From trading strategies to outage planing, we optimize your plant to peak efficiency.
From optimizing trading strategies in deregulated energy markets to synchronizing outage planning with operational data, BKO helps power and utilities sectors create more value.
Dispatching power plant generation optimally enables wholesale generators to maximize their revenue. Machine learning models of power plant performance enable optimized trading strategies in deregulated energy markets.
Using Aveva PI operational data greatly improves outage planning. Plant managers can use machine learning applications to better forecast asset outage spend and duration. Engine degradation and equipment events can be predicted and monitored by using both supervised and unsupervised machine learning techniques.
Forecasting power generation from renewable assets including wind, solar and storage can get complicated. We can help renewable operators optimize their asset dispatch by building deep learning and deep reinforcement learning algorithms that outperform traditional methods.
Particularly useful for generation asset owners who don’t want to hire control engineers, have limited access to them, or cannot justify the cost, based on the asset size. One of our engineers can monitor multiple assets from multiple owners, achieving significant benefits of scale.Services fall into three broad categories:
- Monitoring for anomaly detection.
- Monitoring for maintenance optimization.
- Monitoring for performance improvement and cost reduction.
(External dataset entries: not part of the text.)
(* Consider a sequence (indexed by the sample size $n\to\infty$) of linear models $\mathbf{y}=\mathbf{X}\boldsymbol{\beta}+\boldsymbol{\epsilon}$ as described in the context, satisfying assumptions (A1)–(A6) of the context. Suppose moreover that the following condition holds: there exists $C>0$ such that $|(\Pi_j X_j)^T X_k|\le C n^{-\gamma}$ for all $j\in\{1,\dots,p\}$ and all $k\in\mathcal{S}\setminus\mathcal{C}_j$ with $k\neq j$. Then $\mathbb{P}(\mathcal{E}_1)\to 1$, where $$\mathcal{E}_1=\Big\{\frac{|c_k^*(s_k)|}{\min_{j\in\mathcal{S}}|c_j^*(s_j)|}\to 0 \text{ for all } k\notin\mathcal{S}\Big\},$$ and this holds regardless of the choice of rescaling factor, i.e. both with $s_j=\lambda_j$ for all $j$ and with $s_j=\Lambda_j$ for all $j$. Moreover, on the event $\mathcal{E}_1$ the following hold (for either rescaling factor unless stated otherwise): (i) $n^{\mu}\, c_j^*\to 0$ for $j\notin\mathcal{S}$; (ii) $n^{\mu}\,|c_j^*|\to\infty$ for $j\in\mathcal{S}$; (iii) with the rescaling factor $\lambda_j$, $c_j^*(\lambda_j)/\beta_j\to 1$ whenever $\beta_j\neq 0$.
   Context: Model: $\mathbf{y}=\mathbf{X}\boldsymbol{\beta}+\boldsymbol{\epsilon}$, where $\mathbf{y}\in\mathbb{R}^n$, $\mathbf{X}=(X_1,\dots,X_p)$ is an $n\times p$ design matrix whose columns satisfy $\|X_j\|_2=1$, $\boldsymbol{\beta}\in\mathbb{R}^p$, and $\epsilon_1,\dots,\epsilon_n$ are i.i.d. $\mathcal{N}(0,\sigma^2/n)$ with $\sigma^2<\infty$. The quantities $p,\mathbf{X},\boldsymbol{\beta}$ may depend on $n$. Let $\mathcal{S}=\{j:\beta_j\neq0\}$, $c_{j,k}=X_j^TX_k$, and for $\mathcal{D}\subseteq\{1,\dots,p\}$ let $\mathbf{X}_\mathcal{D}$, $\boldsymbol{\beta}_\mathcal{D}$ be the corresponding column submatrix / subvector. Given a threshold $\pi_n\in(0,1)$, let $\mathcal{C}_j=\{k\neq j: |c_{j,k}|>\pi_n\}$, let $\Pi_j$ be the orthogonal projection onto the span of $\{X_k:k\in\mathcal{C}_j\}$ (the zero matrix if $\mathcal{C}_j=\emptyset$), $X_j^*=(\mathbf{I}_n-\Pi_j)X_j$, $a_j=\|\Pi_jX_j\|_2^2/\|X_j\|_2^2$, $a_{jy}=\|\Pi_j\mathbf{y}\|_2^2/\|\mathbf{y}\|_2^2$, and the rescaling factors $\lambda_j=1-a_j$ and $\Lambda_j=\{(1-a_j)(1-a_{jy})\}^{1/2}$. The tilted correlation with rescaling factor $s_j$ is $c_j^*(s_j)=s_j^{-1}X_j^{*T}\mathbf{y}$; $c_j^*$ denotes it for either choice. Assumptions: (A1) $|\mathcal{S}|=O(n^{\delta})$ for some $\delta\in[0,1/2)$. (A2) $\log p=O(n^{\theta})$ with $\theta\in[0,1-2\gamma)$ for some $\gamma\in(\delta,1/2)$. (A3) With this $\gamma$, $\pi_n=C_1n^{-\gamma}$ for some $C_1>0$, and there is $C>0$ with $|\mathcal{C}_j|\le Cn^{\xi}$ uniformly in $j$, where $\xi\in[0,2(\gamma-\delta))$. (A4) $\max_{j\in\mathcal{S}}|\beta_j|<M$ for some $M\in(0,\infty)$ and $n^{\mu}\min_{j\in\mathcal{S}}|\beta_j|\to\infty$ for some $\mu\in[0,\gamma-\delta-\xi/2)$. (A5) There is $\alpha\in(0,1)$ with $1-a_j>\alpha$ for all $j$. (A6) For every $j$ with $\mathcal{S}\not\subseteq\mathcal{C}_j$, $n^{\kappa}\|(\mathbf{I}_n-\Pi_j)\mathbf{X}_\mathcal{S}\boldsymbol{\beta}_\mathcal{S}\|_2^2/\|\mathbf{X}_\mathcal{S}\boldsymbol{\beta}_\mathcal{S}\|_2^2\to\infty$, for some $\kappa$ with $\kappa/2+\mu\in[0,\gamma-\delta-\xi/2)$. *)

theory Defs
  imports "HOL-Probability.Probability" "HOL-Library.Landau_Symbols"
begin

(* Vectors in R^n are represented as functions nat => real, only coordinates i < n matter.
   An n x p design matrix is a function X :: nat => nat => real, X i j = entry in row i, column j. *)

definition vinner :: "nat \<Rightarrow> (nat \<Rightarrow> real) \<Rightarrow> (nat \<Rightarrow> real) \<Rightarrow> real" where
  "vinner n u v = (\<Sum>i<n. u i * v i)"

definition col :: "(nat \<Rightarrow> nat \<Rightarrow> real) \<Rightarrow> nat \<Rightarrow> nat \<Rightarrow> real" where
  "col X k = (\<lambda>i. X i k)"

definition colspan :: "nat \<Rightarrow> (nat \<Rightarrow> nat \<Rightarrow> real) \<Rightarrow> nat set \<Rightarrow> (nat \<Rightarrow> real) set" where
  "colspan n X K = {w. \<exists>a. w = (\<lambda>i. if i < n then (\<Sum>k\<in>K. a k * X i k) else 0)}"

definition proj :: "nat \<Rightarrow> (nat \<Rightarrow> nat \<Rightarrow> real) \<Rightarrow> nat set \<Rightarrow> (nat \<Rightarrow> real) \<Rightarrow> nat \<Rightarrow> real" where
  "proj n X K v = (THE w. w \<in> colspan n X K \<and>
      (\<forall>k\<in>K. vinner n (\<lambda>i. v i - w i) (col X k) = 0))"

definition corr :: "nat \<Rightarrow> (nat \<Rightarrow> nat \<Rightarrow> real) \<Rightarrow> nat \<Rightarrow> nat \<Rightarrow> real" where
  "corr n X j k = vinner n (col X j) (col X k)"

definition Cset :: "nat \<Rightarrow> nat \<Rightarrow> (nat \<Rightarrow> nat \<Rightarrow> real) \<Rightarrow> real \<Rightarrow> nat \<Rightarrow> nat set" where
  "Cset n p X thr j = {k. k < p \<and> k \<noteq> j \<and> thr < \<bar>corr n X j k\<bar>}"

definition PiX :: "nat \<Rightarrow> nat \<Rightarrow> (nat \<Rightarrow> nat \<Rightarrow> real) \<Rightarrow> real \<Rightarrow> nat \<Rightarrow> nat \<Rightarrow> real" where
  "PiX n p X thr j = proj n X (Cset n p X thr j) (col X j)"

definition Xstar :: "nat \<Rightarrow> nat \<Rightarrow> (nat \<Rightarrow> nat \<Rightarrow> real) \<Rightarrow> real \<Rightarrow> nat \<Rightarrow> nat \<Rightarrow> real" where
  "Xstar n p X thr j = (\<lambda>i. if i < n then X i j - PiX n p X thr j i else 0)"

definition a_coef :: "nat \<Rightarrow> nat \<Rightarrow> (nat \<Rightarrow> nat \<Rightarrow> real) \<Rightarrow> real \<Rightarrow> nat \<Rightarrow> real" where
  "a_coef n p X thr j = vinner n (PiX n p X thr j) (PiX n p X thr j) / vinner n (col X j) (col X j)"

definition a_y :: "nat \<Rightarrow> nat \<Rightarrow> (nat \<Rightarrow> nat \<Rightarrow> real) \<Rightarrow> real \<Rightarrow> (nat \<Rightarrow> real) \<Rightarrow> nat \<Rightarrow> real" where
  "a_y n p X thr y j =
     vinner n (proj n X (Cset n p X thr j) y) (proj n X (Cset n p X thr j) y) / vinner n y y"

datatype rescale = Lam | BigLam

definition resc :: "rescale \<Rightarrow> nat \<Rightarrow> nat \<Rightarrow> (nat \<Rightarrow> nat \<Rightarrow> real) \<Rightarrow> real \<Rightarrow> (nat \<Rightarrow> real) \<Rightarrow> nat \<Rightarrow> real" where
  "resc s n p X thr y j = (case s of
      Lam \<Rightarrow> 1 - a_coef n p X thr j
    | BigLam \<Rightarrow> sqrt ((1 - a_coef n p X thr j) * (1 - a_y n p X thr y j)))"

definition tilted :: "rescale \<Rightarrow> nat \<Rightarrow> nat \<Rightarrow> (nat \<Rightarrow> nat \<Rightarrow> real) \<Rightarrow> real \<Rightarrow> (nat \<Rightarrow> real) \<Rightarrow> nat \<Rightarrow> real" where
  "tilted s n p X thr y j = vinner n (Xstar n p X thr j) y / resc s n p X thr y j"

definition supp :: "nat \<Rightarrow> (nat \<Rightarrow> real) \<Rightarrow> nat set" where
  "supp p b = {j. j < p \<and> b j \<noteq> 0}"

definition signal :: "nat \<Rightarrow> nat \<Rightarrow> (nat \<Rightarrow> nat \<Rightarrow> real) \<Rightarrow> (nat \<Rightarrow> real) \<Rightarrow> nat \<Rightarrow> real" where
  "signal n p X b = (\<lambda>i. if i < n then (\<Sum>j\<in>supp p b. X i j * b j) else 0)"

definition resp :: "nat \<Rightarrow> nat \<Rightarrow> (nat \<Rightarrow> nat \<Rightarrow> real) \<Rightarrow> (nat \<Rightarrow> real) \<Rightarrow> (nat \<Rightarrow> real) \<Rightarrow> nat \<Rightarrow> real" where
  "resp n p X b e = (\<lambda>i. if i < n then (\<Sum>j<p. X i j * b j) + e i else 0)"

end

theory Submission
  imports Defs
begin

text \<open>
  The noise enters the tilted correlations only through the Gaussian linear forms
  \<open>\<langle>u, \<epsilon>\<rangle>\<close> for finitely many test vectors \<open>u\<close> (the \<open>X\<^sub>j\<^sup>*\<close>, an orthonormal basis of each span of
  \<open>{X\<^sub>k : k \<in> \<C>\<^sub>j}\<close>, and the residuals \<open>(I - \<Pi>\<^sub>j) X\<^sub>\<S> \<beta>\<^sub>\<S>\<close>) and through \<open>\<parallel>\<epsilon>\<parallel>\<^sup>2\<close>. Call the noise
  typical if every such form is at most \<open>\<eta>\<^sub>n \<parallel>u\<parallel>\<close>, where \<open>\<eta>\<^sub>n = n\<^bsup>(\<tau>-1)/2\<^esup>\<close> for some
  \<open>\<theta> < \<tau> < 1 - 2\<gamma>\<close>, and \<open>\<sigma>\<^sup>2/4 \<le> \<parallel>\<epsilon>\<parallel>\<^sup>2 \<le> 4\<sigma>\<^sup>2\<close>. Chernoff bounds and a union bound over the
  \<open>O(n\<^sup>\<xi> p)\<close> test vectors show that typical noise has probability tending to one.

  For typical noise, \<open>X\<^sub>j\<^sup>*\<^sup>T y\<close> differs from \<open>\<beta>\<^sub>j (1 - a\<^sub>j)\<close> (zero for \<open>j \<notin> \<S>\<close>) by at most
  \<open>|\<S>| M (\<pi>\<^sub>n + C\<^sub>2 n\<^sup>-\<^sup>\<gamma>) + \<eta>\<^sub>n\<close>: \<open>X\<^sub>j\<^sup>*\<close> is orthogonal to the columns in \<open>\<C>\<^sub>j\<close> and has
  inner product at most \<open>\<pi>\<^sub>n + C\<^sub>2 n\<^sup>-\<^sup>\<gamma>\<close> with the other columns of the support. The factor
  \<open>\<lambda>\<^sub>j\<close> exceeds \<open>\<alpha>\<close>, and \<open>\<Lambda>\<^sub>j\<close> is bounded below by a constant, or by a constant times
  \<open>n\<^sup>-\<^sup>\<kappa>\<^sup>/\<^sup>2\<close> via (A6) when \<open>\<S> \<not>\<subseteq> \<C>\<^sub>j\<close>. The exponent conditions make all these error
  terms \<open>o(n\<^sup>-\<^sup>\<mu>)\<close>, while \<open>n\<^sup>\<mu> min\<^sub>j\<^sub>\<in>\<^sub>\<S> |\<beta>\<^sub>j| \<rightarrow> \<infinity>\<close>; this gives (i)--(iii) and the ratio bound.
\<close>


section \<open>Orthogonal projections onto column spans\<close>

definition lin_comb :: "(nat \<Rightarrow> real) set \<Rightarrow> ((nat \<Rightarrow> real) \<Rightarrow> real) \<Rightarrow> nat \<Rightarrow> real" where
  "lin_comb Q c = (\<lambda>i. \<Sum>q\<in>Q. c q * q i)"

definition orth_proj :: "nat \<Rightarrow> (nat \<Rightarrow> real) set \<Rightarrow> (nat \<Rightarrow> real) \<Rightarrow> nat \<Rightarrow> real" where
  "orth_proj n Q v = lin_comb Q (\<lambda>q. vinner n v q)"

definition orthonormal :: "nat \<Rightarrow> (nat \<Rightarrow> real) set \<Rightarrow> bool" where
  "orthonormal n Q \<longleftrightarrow> (\<forall>q\<in>Q. \<forall>q'\<in>Q. vinner n q q' = (if q = q' then 1 else 0))"

lemma vinner_sym: "vinner n u v = vinner n v u"
  by (simp add: vinner_def mult.commute)

lemma vinner_cong:
  "(\<And>i. i < n \<Longrightarrow> u i = u' i) \<Longrightarrow> (\<And>i. i < n \<Longrightarrow> v i = v' i) \<Longrightarrow> vinner n u v = vinner n u' v'"
  by (simp add: vinner_def)

lemma vinner_diff_left: "vinner n (\<lambda>i. u i - w i) v = vinner n u v - vinner n w v"
  by (simp add: vinner_def algebra_simps sum_subtractf)

lemma vinner_add_left: "vinner n (\<lambda>i. u i + w i) v = vinner n u v + vinner n w v"
  by (simp add: vinner_def algebra_simps sum.distrib)

lemma vinner_diff_right: "vinner n v (\<lambda>i. u i - w i) = vinner n v u - vinner n v w"
  by (simp add: vinner_def algebra_simps sum_subtractf)

lemma vinner_add_right: "vinner n v (\<lambda>i. u i + w i) = vinner n v u + vinner n v w"
  by (simp add: vinner_def algebra_simps sum.distrib)

lemma vinner_scale_left: "vinner n (\<lambda>i. c * u i) v = c * vinner n u v"
  by (simp add: vinner_def sum_distrib_left algebra_simps)

lemma vinner_scale_right: "vinner n v (\<lambda>i. c * u i) = c * vinner n v u"
  by (simp add: vinner_def sum_distrib_left algebra_simps)

lemma vinner_lin_comb_left: "vinner n (lin_comb Q c) w = (\<Sum>q\<in>Q. c q * vinner n q w)"
  unfolding vinner_def lin_comb_def
  by (simp add: sum_distrib_left sum_distrib_right mult.assoc) (rule sum.swap)

lemma vinner_lin_comb_right: "vinner n w (lin_comb Q c) = (\<Sum>q\<in>Q. c q * vinner n w q)"
  using vinner_lin_comb_left[of n Q c w] by (simp add: vinner_sym)

lemma vinner_sum_right: "vinner n w (\<lambda>i. \<Sum>l\<in>L. c l * u l i) = (\<Sum>l\<in>L. c l * vinner n w (u l))"
  unfolding vinner_def by (simp add: sum_distrib_left mult_ac) (rule sum.swap)

lemma vinner_self_nonneg: "0 \<le> vinner n u u"
  by (simp add: vinner_def sum_nonneg)

lemma vinner_self_eq_0: "vinner n u u = 0 \<longleftrightarrow> (\<forall>i<n. u i = 0)"
  unfolding vinner_def by (subst sum_nonneg_eq_0_iff) auto

lemma vinner_lin_comb_orthonormal:
  assumes "orthonormal n Q" "finite Q" "q \<in> Q"
  shows "vinner n (lin_comb Q c) q = c q"
proof -
  have "(\<Sum>q'\<in>Q. c q' * vinner n q' q) = (\<Sum>q'\<in>Q. if q' = q then c q else 0)"
    using assms by (intro sum.cong) (auto simp: orthonormal_def)
  then show ?thesis
    using assms by (simp add: vinner_lin_comb_left)
qed

lemma vinner_orth_proj_orthonormal:
  assumes "orthonormal n Q" "finite Q" "q \<in> Q"
  shows "vinner n (orth_proj n Q v) q = vinner n v q"
  using assms unfolding orth_proj_def by (rule vinner_lin_comb_orthonormal)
BKO Services will work with any client-side hardware or software, bringing you the benefits that come from monitoring by skilled engineers, analysis using Machine Learning, and reporting from data stored in Modern Real-Time databases, and Cloud technologies.
Our engineers perform anomaly detection using in-house trained predictive models to provide early warning alerts and diagnostic guidance to our customers. In a complex industry setting such as power plants, aviation etc. Anomaly detection is critical to raise alarms beforehand to prevent significant damages and mishaps. Here, we propose a novel approach of using a multimodal neural network-based autoencoder. These detected anomalies generally tend to be more accurate and robust than anomalies detected by a single data source as latent representations capture inter-dependencies between different parts of the system through those multiple data sources.